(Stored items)
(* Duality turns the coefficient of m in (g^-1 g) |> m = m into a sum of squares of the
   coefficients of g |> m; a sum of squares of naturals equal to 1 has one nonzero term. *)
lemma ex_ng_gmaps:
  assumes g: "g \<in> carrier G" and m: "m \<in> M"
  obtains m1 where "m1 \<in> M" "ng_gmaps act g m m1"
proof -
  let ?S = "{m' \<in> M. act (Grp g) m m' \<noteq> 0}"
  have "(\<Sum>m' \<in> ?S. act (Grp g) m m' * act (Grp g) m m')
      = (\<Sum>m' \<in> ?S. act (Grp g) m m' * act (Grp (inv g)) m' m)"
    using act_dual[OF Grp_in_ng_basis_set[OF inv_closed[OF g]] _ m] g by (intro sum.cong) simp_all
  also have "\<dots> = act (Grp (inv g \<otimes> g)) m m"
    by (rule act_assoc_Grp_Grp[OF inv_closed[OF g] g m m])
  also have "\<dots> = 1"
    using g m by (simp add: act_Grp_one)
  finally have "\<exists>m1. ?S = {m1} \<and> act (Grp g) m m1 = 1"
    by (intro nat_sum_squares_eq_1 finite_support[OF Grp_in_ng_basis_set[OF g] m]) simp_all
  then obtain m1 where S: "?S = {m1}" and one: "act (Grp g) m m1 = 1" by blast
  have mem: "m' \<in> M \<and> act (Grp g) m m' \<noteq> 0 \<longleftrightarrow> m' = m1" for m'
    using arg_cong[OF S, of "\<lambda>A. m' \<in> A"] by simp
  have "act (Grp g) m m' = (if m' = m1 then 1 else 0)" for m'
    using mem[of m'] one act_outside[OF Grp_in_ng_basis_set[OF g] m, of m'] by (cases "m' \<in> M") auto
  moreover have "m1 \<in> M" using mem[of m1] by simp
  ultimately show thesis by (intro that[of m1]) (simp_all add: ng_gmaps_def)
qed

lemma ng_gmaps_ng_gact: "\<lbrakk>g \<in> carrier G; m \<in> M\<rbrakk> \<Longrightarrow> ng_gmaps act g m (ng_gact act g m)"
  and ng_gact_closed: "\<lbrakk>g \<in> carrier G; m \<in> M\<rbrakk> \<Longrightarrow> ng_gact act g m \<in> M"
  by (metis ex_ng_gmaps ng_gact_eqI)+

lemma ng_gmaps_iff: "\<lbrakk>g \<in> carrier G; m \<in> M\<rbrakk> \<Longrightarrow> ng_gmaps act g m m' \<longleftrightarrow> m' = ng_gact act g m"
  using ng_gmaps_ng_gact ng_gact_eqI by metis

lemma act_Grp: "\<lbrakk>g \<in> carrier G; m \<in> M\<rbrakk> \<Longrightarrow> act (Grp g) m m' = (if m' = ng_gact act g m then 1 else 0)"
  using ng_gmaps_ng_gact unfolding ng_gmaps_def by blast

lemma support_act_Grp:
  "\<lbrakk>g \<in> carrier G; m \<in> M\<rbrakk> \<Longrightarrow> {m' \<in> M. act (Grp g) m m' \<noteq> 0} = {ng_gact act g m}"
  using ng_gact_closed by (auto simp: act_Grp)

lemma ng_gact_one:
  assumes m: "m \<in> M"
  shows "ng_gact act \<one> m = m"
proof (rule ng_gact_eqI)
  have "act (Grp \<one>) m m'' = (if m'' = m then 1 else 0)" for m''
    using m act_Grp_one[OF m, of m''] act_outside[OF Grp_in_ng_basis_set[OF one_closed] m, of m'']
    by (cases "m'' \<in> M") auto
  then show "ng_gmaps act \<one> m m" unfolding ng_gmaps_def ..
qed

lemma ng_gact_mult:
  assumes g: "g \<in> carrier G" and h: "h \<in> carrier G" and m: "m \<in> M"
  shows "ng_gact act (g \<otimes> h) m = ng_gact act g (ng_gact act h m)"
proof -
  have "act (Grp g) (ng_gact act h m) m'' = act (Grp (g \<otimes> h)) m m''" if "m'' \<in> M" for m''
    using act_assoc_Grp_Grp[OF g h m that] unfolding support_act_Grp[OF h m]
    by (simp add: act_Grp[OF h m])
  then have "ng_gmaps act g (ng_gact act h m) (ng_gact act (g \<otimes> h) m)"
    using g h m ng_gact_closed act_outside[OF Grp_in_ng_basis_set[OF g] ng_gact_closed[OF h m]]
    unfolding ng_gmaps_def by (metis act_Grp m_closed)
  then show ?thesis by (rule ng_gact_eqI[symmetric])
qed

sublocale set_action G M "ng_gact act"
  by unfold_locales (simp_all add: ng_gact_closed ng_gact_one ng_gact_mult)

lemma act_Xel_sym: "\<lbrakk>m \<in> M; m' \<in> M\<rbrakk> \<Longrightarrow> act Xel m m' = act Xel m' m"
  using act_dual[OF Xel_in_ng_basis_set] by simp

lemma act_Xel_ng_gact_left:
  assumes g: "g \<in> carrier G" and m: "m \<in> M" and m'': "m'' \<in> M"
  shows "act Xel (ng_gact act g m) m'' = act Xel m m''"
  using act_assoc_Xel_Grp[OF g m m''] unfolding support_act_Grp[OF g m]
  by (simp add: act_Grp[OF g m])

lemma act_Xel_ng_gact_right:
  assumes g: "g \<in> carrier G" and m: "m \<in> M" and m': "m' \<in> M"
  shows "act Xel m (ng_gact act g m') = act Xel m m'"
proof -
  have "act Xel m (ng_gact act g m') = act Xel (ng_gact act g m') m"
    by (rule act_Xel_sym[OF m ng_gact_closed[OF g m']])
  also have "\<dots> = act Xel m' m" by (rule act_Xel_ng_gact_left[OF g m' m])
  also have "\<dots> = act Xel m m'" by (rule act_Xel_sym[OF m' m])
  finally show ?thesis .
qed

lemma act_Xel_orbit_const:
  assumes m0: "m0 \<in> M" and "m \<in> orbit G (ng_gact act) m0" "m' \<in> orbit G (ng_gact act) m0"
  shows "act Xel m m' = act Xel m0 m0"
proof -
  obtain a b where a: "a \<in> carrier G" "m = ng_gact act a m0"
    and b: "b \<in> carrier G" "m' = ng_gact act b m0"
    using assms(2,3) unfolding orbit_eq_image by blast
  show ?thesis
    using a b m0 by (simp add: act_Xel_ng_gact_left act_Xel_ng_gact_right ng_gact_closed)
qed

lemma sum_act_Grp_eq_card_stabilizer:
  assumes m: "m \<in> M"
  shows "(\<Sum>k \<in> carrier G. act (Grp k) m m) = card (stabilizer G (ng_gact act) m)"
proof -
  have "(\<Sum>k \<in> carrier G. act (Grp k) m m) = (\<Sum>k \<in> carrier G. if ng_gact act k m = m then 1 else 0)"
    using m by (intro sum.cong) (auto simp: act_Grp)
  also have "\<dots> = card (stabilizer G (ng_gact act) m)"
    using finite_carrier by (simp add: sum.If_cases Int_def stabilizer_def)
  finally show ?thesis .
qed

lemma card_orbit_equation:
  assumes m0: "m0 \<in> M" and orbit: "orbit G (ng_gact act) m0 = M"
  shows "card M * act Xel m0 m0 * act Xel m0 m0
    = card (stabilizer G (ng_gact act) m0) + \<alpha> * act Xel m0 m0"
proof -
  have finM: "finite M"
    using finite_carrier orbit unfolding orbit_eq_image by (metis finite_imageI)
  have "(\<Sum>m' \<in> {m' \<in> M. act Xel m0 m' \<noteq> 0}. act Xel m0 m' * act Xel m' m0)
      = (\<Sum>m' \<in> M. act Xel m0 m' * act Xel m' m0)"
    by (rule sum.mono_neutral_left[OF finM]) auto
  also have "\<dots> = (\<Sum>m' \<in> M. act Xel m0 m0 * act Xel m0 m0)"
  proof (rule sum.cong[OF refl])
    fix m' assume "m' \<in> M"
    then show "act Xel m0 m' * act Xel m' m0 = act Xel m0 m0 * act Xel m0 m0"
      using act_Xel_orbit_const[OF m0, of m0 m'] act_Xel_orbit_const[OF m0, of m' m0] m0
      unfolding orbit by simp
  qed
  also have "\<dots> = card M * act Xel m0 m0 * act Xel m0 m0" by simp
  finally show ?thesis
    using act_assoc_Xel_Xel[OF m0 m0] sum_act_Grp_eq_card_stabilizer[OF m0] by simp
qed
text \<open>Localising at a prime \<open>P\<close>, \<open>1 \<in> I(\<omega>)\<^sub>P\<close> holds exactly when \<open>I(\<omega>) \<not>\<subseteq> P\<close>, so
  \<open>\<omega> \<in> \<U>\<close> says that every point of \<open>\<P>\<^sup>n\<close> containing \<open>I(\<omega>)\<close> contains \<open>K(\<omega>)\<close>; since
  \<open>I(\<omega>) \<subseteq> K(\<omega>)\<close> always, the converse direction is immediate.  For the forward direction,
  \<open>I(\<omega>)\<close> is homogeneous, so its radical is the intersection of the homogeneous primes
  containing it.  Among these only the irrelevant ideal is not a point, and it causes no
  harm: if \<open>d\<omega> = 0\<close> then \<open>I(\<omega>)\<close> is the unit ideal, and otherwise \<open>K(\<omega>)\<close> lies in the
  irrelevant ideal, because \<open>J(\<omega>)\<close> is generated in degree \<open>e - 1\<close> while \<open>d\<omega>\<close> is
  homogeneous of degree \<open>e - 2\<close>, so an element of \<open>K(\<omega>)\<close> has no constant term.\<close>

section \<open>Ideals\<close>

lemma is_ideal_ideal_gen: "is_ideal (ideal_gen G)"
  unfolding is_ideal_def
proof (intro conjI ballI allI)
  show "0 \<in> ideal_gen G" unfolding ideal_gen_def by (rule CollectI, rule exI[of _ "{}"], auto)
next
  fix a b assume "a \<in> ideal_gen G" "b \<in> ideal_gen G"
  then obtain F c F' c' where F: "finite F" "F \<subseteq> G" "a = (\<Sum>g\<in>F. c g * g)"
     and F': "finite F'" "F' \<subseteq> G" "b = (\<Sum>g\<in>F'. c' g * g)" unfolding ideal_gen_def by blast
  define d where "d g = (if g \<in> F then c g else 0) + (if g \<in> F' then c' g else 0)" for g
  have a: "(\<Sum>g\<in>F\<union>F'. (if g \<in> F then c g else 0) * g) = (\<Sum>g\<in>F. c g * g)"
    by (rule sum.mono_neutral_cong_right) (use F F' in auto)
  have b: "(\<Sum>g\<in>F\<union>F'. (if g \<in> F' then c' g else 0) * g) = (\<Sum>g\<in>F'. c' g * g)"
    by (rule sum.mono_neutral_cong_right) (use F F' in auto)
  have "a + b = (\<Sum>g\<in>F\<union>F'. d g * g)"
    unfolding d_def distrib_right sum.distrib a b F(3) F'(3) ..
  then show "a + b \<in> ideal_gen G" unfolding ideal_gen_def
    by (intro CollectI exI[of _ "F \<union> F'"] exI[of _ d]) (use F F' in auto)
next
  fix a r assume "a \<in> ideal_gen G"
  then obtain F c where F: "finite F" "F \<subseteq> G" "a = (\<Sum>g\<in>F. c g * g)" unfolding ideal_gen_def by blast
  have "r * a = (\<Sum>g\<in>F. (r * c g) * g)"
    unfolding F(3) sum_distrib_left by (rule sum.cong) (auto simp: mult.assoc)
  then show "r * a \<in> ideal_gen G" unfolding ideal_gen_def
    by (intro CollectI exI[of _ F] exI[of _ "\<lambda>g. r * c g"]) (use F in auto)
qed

BRIEF: Show every line from the entries above in which "irrelevant" appears.

TASK RESULT:
  containing it.  Among these only the irrelevant ideal is not a point, and it causes no
  irrelevant ideal, because \<open>J(\<omega>)\<close> is generated in degree \<open>e - 1\<close> while \<open>d\<omega>\<close> is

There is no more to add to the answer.